Friday, March 23 , 2018, 8:14 am | Fair 46º


Captain’s Log: Duck Counts Dive, Leaving Hunters, Anglers Stranded

Lower-than-average precipitation and the NorCal water wars may lead to dire socioeconomic effects.

It is many months yet until our waterfowl hunting season opens. In SoCal, that comes in October. Yet now is when our game managers are working hard to determine the condition of the waterfowl population and the health of their habitat in order to make sound decisions about seasons, bag limits, etc. Early aerial survey information is coming in.

Capt. David Bacon (Ramona Lisa McFadyen photo)

The news is not good this year. In California, the total population of all duck species is down 12 percent, from 627,600 last year to 554,000 this year. Mallards, the most common duck in the survey, are 20 percent below their long-term average of 370,300. The breeding population of mallards decreased 24 percent, from 388,300 in 2007 to 297,100 this year.

“Production of ducklings in 2007 was below average, so DFG (Department of Fish and Game) expected to see a decrease in the mallard breeding population in California,” said Shaun Oldenburger, a wildlife biologist with the Waterfowl Program. “Lower-than-average precipitation in the Central Valley over the past two years has contributed greatly to this decline.”
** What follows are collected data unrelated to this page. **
inductive typed :: "('b \<Rightarrow> 'b \<Rightarrow> bool) \<Rightarrow> ('v \<Rightarrow> 'b \<Rightarrow> bool) \<Rightarrow> (sess \<Rightarrow> 'b ctx \<Rightarrow> bool)
                  \<Rightarrow> 'b pctx \<Rightarrow> 'b ctx \<Rightarrow> ('b, 'v) proc \<Rightarrow> bool"
  for bsub :: "'b \<Rightarrow> 'b \<Rightarrow> bool" and valty :: "'v \<Rightarrow> 'b \<Rightarrow> bool"
  and safe :: "sess \<Rightarrow> 'b ctx \<Rightarrow> bool" where
  t_nil: "end_ctx bsub \<Gamma> \<Longrightarrow> typed bsub valty safe \<Theta> \<Gamma> PNil"
| t_crashed: "end_ctx bsub \<Gamma> \<Longrightarrow> CEp s p \<notin> dom \<Gamma> \<Longrightarrow>
     typed bsub valty safe \<Theta> (\<Gamma>(CEp s p \<mapsto> TStop)) (Crashed s p)"
| t_par: "typed bsub valty safe \<Theta> G1 P1 \<Longrightarrow> typed bsub valty safe \<Theta> G2 P2 \<Longrightarrow> disj G1 G2 \<Longrightarrow>
     typed bsub valty safe \<Theta> (G1 ++ G2) (Par P1 P2)"
| t_send: "subty bsub S1 (TInt q [(m, S, T)]) \<Longrightarrow> wf_sess (TInt q [(m, S, T)]) \<Longrightarrow>
     dtyp bsub valty G2 d S \<Longrightarrow> \<not> subty bsub S TEnd \<Longrightarrow>
     disj \<Gamma> [c \<mapsto> S1] \<Longrightarrow> disj \<Gamma> G2 \<Longrightarrow> disj [c \<mapsto> S1] G2 \<Longrightarrow>
     typed bsub valty safe \<Theta> (\<Gamma>(c \<mapsto> T)) P \<Longrightarrow>
     typed bsub valty safe \<Theta> (\<Gamma> ++ [c \<mapsto> S1] ++ G2) (Send c q m d P)"
| t_recv: "subty bsub S1 (TExt q ts) \<Longrightarrow> wf_sess (TExt q ts) \<Longrightarrow>
     fst ` set ts = fst ` set bs \<Longrightarrow> c \<notin> dom \<Gamma> \<Longrightarrow>
     (\<forall>(m, y, P) \<in> set bs. \<forall>S T. (m, S, T) \<in> set ts \<longrightarrow>
         CVar y \<notin> dom \<Gamma> \<and> CVar y \<noteq> c \<and>
         typed bsub valty safe \<Theta> (\<Gamma>(CVar y \<mapsto> S, c \<mapsto> T)) P) \<Longrightarrow>
     typed bsub valty safe \<Theta> (\<Gamma> ++ [c \<mapsto> S1]) (Recv c q bs)"
| t_def: "X \<notin> dom \<Theta> \<Longrightarrow>
     typed bsub valty safe (\<Theta>(X \<mapsto> map snd xs)) (map_of (map (\<lambda>(x, S). (CVar x, S)) xs)) P \<Longrightarrow>
     typed bsub valty safe (\<Theta>(X \<mapsto> map snd xs)) \<Gamma> Q \<Longrightarrow>
     typed bsub valty safe \<Theta> \<Gamma> (Def X xs P Q)"
| t_call: "\<Theta> X = Some Ss \<Longrightarrow> length ds = length Ss \<Longrightarrow> length Gs = length Ss \<Longrightarrow>
     end_ctx bsub G0 \<Longrightarrow>
     (\<forall>i < length Ss. dtyp bsub valty (Gs ! i) (ds ! i) (Ss ! i) \<and> \<not> subty bsub (Ss ! i) TEnd) \<Longrightarrow>
     pairwise_disj (G0 # Gs) \<Longrightarrow>
     typed bsub valty safe \<Theta> (foldl (++) G0 Gs) (Call X ds)"
| t_res: "safe s (sctx s G) \<Longrightarrow> (\<forall>p. CEp s p \<notin> dom \<Gamma>) \<Longrightarrow>
     typed bsub valty safe \<Theta> (\<Gamma> ++ sctx s G) P \<Longrightarrow>
     typed bsub valty safe \<Theta> \<Gamma> (Res s G P)"

end

theory Submission
  imports Defs
begin

text \<open>
  Whenever a rule splits its context
  into disjoint pieces, the smaller context \<open>\<Gamma>'\<close> splits the same way (restrict it to the
  domains of the pieces), so each premise can be narrowed separately. Continuation contexts are
  extended by the same types on both sides, which is harmless by reflexivity of subtyping; the
  type of the channel used by a prefix, of a sent channel and of a channel argument is absorbed
  by transitivity, e.g. \<open>S\<^sub>1' \<le> S\<^sub>1 \<le> q\<oplus>m(S).T\<close>; and \<open>end(\<Gamma>)\<close> is preserved since a well-formed
  subtype of a basic type is basic, while subtypes of types below \<open>end\<close> stay below \<open>end\<close>
  by transitivity.

  Transitivity of the coinductively defined subtyping is the heart of the matter. For well-formed
  types it is proved coinductively: recursive types are unfolded to their head constructor, which
  terminates because recursion is guarded, after which the two derivations compose rule by rule.
  The only delicate case is a lone crash branch on the left, where distinctness of labels forces
  the middle type to be a lone crash branch as well.
\<close>

section \<open>Substitution and well-formed types\<close>

lemma ty_induct[case_names TBase TExt TInt TMu TV TEnd TStop]:
  assumes "\<And>b. P (TBase b)"
    and "\<And>p ts. (\<And>m S T. (m, S, T) \<in> set ts \<Longrightarrow> P S \<and> P T) \<Longrightarrow> P (TExt p ts)"
    and "\<And>p ts. (\<And>m S T. (m, S, T) \<in> set ts \<Longrightarrow> P S \<and> P T) \<Longrightarrow> P (TInt p ts)"
    and "\<And>t T. P T \<Longrightarrow> P (TMu t T)"
    and "\<And>t. P (TV t)" and "P TEnd" and "P TStop"
  shows "P T"
proof (induction T rule: ty.induct)
  case (TExt p ts)
  show ?case
  proof (rule assms(2))
    fix m S T assume "(m, S, T) \<in> set ts"
    then show "P S \<and> P T" using TExt[of "(m, S, T)" "(S, T)"] by simp
  qed
next
  case (TInt p ts)
  show ?case
  proof (rule assms(3))
    fix m S T assume "(m, S, T) \<in> set ts"
    then show "P S \<and> P T" using TInt[of "(m, S, T)" "(S, T)"] by simp
  qed
qed (use assms in auto)
lemma midpoint_less_knot_iff:
  assumes "j \<le> card kinks + 1" "k \<le> card kinks"
  shows "(knot k + knot (Suc k)) / 2 < knot j \<longleftrightarrow> k < j"
proof (cases "k < j")
  case True
  then show ?thesis using knot_le[of "Suc k" j] knot_less[of k "Suc k"] assms by simp
next
  case False
  then show ?thesis using knot_le[of j k] knot_less[of k "Suc k"] assms by simp
qed

lemma active_pattern_increasing:
  assumes i: "i \<in> {1..H}" "v i \<noteq> 0" and w: "0 < w i"
  obtains j where "odd j" "j \<le> card kinks + 1" "\<And>k. k \<le> card kinks \<Longrightarrow> active i k \<longleftrightarrow> j \<le> k"
proof -
  define t where "t = - bias i / w i"
  have shift: "bias i + w i * z = w i * (z - t)" for z unfolding t_def using w by (simp add: field_simps)
  have active_iff: "active i k \<longleftrightarrow> t < (knot k + knot (Suc k)) / 2" for k
    unfolding active_def shift using w by (simp add: zero_less_mult_iff)
  consider "t \<le> a" | "b \<le> t" | "a < t" "t < b" by linarith
  then show thesis
  proof cases
    case 1
    then show thesis using kink_of_increasing_neuron(2)[OF i w t_def] moment_knot_alternates(2) by simp
  next
    case 2
    have "\<not> active i k" if "k \<le> card kinks" for k
      using active_iff knot_mem[of k] knot_less[of k "Suc k"] knot_mem[of "Suc k"] that 2 by auto
    then show thesis using moment_knot_alternates(1) by (intro that[of "card kinks + 1"]) auto
  next
    case 3
    then have "t \<in> kinks" unfolding kinks_def t_def using i w by auto
    then have "t \<in> knot ` {1..card kinks}" unfolding knot_image .
    then obtain j where j: "j \<in> {1..card kinks}" "knot j = t" by blast
    have "moment t = moment b"
      using kink_of_increasing_neuron(1)[OF i w t_def] 3 by simp
    then have "odd j" using moment_knot_alternates(2) moment_knot_alternates(3)[of j] j
      by (auto split: if_splits)
    moreover have "active i k \<longleftrightarrow> j \<le> k" if "k \<le> card kinks" for k
      using active_iff[of k] knot_less_midpoint_iff[of j k] j that by auto
    ultimately show thesis using j by (intro that[of j]) auto
  qed
qed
From an anglers perspective, and especially from the perspective of a charter fishing captain who can’t take passengers salmon fishing this year because of a population collapse and subsequent emergency closure, the water problem runs deeper than lower-than-average precipitation. It appears that many of our critters are suffering from the long-waging water wars of NorCal. With a lack of water and lack of funds to keep critter-friendly programs going, our fishing and hunting opportunities are severely affected. With that comes dire socioeconomic stresses on many of our communities.

Back to the birds. How are these aerial surveys performed, and how dependable are they? They may not be perfect, but tremendous effort is expended to do the best possible job with what they have to work with. DFG biologists and warden pilots have been conducting this survey using fixed-wing aircraft since 1955. The California Waterfowl Association, a contractual partner, assists the DFG by surveying a sample of transects by helicopter.

The population estimates are for the surveyed areas only, although surveyed areas include the majority of the suitable waterfowl nesting habitat in the state. These areas include wetland and agricultural habitats in northeastern California, the Central Valley from Red Bluff to Bakersfield, Suisun Marsh and Napa-Sonoma Marshes.

The DFG will put its survey data together with information from much broader-based surveys of Alaska, the north-central United States and Canada performed by the U.S. Fish & Wildlife Service and be ready to make recommendations to the California Fish & Game Commission regarding this year’s waterfowl hunting regulations. Meanwhile, hunters spend the off-season cleaning their gear and hoping for the best.

Capt. David Bacon operates WaveWalker Charters and is president of SOFTIN Inc., a new nonprofit organization providing seafaring opportunities for those in need.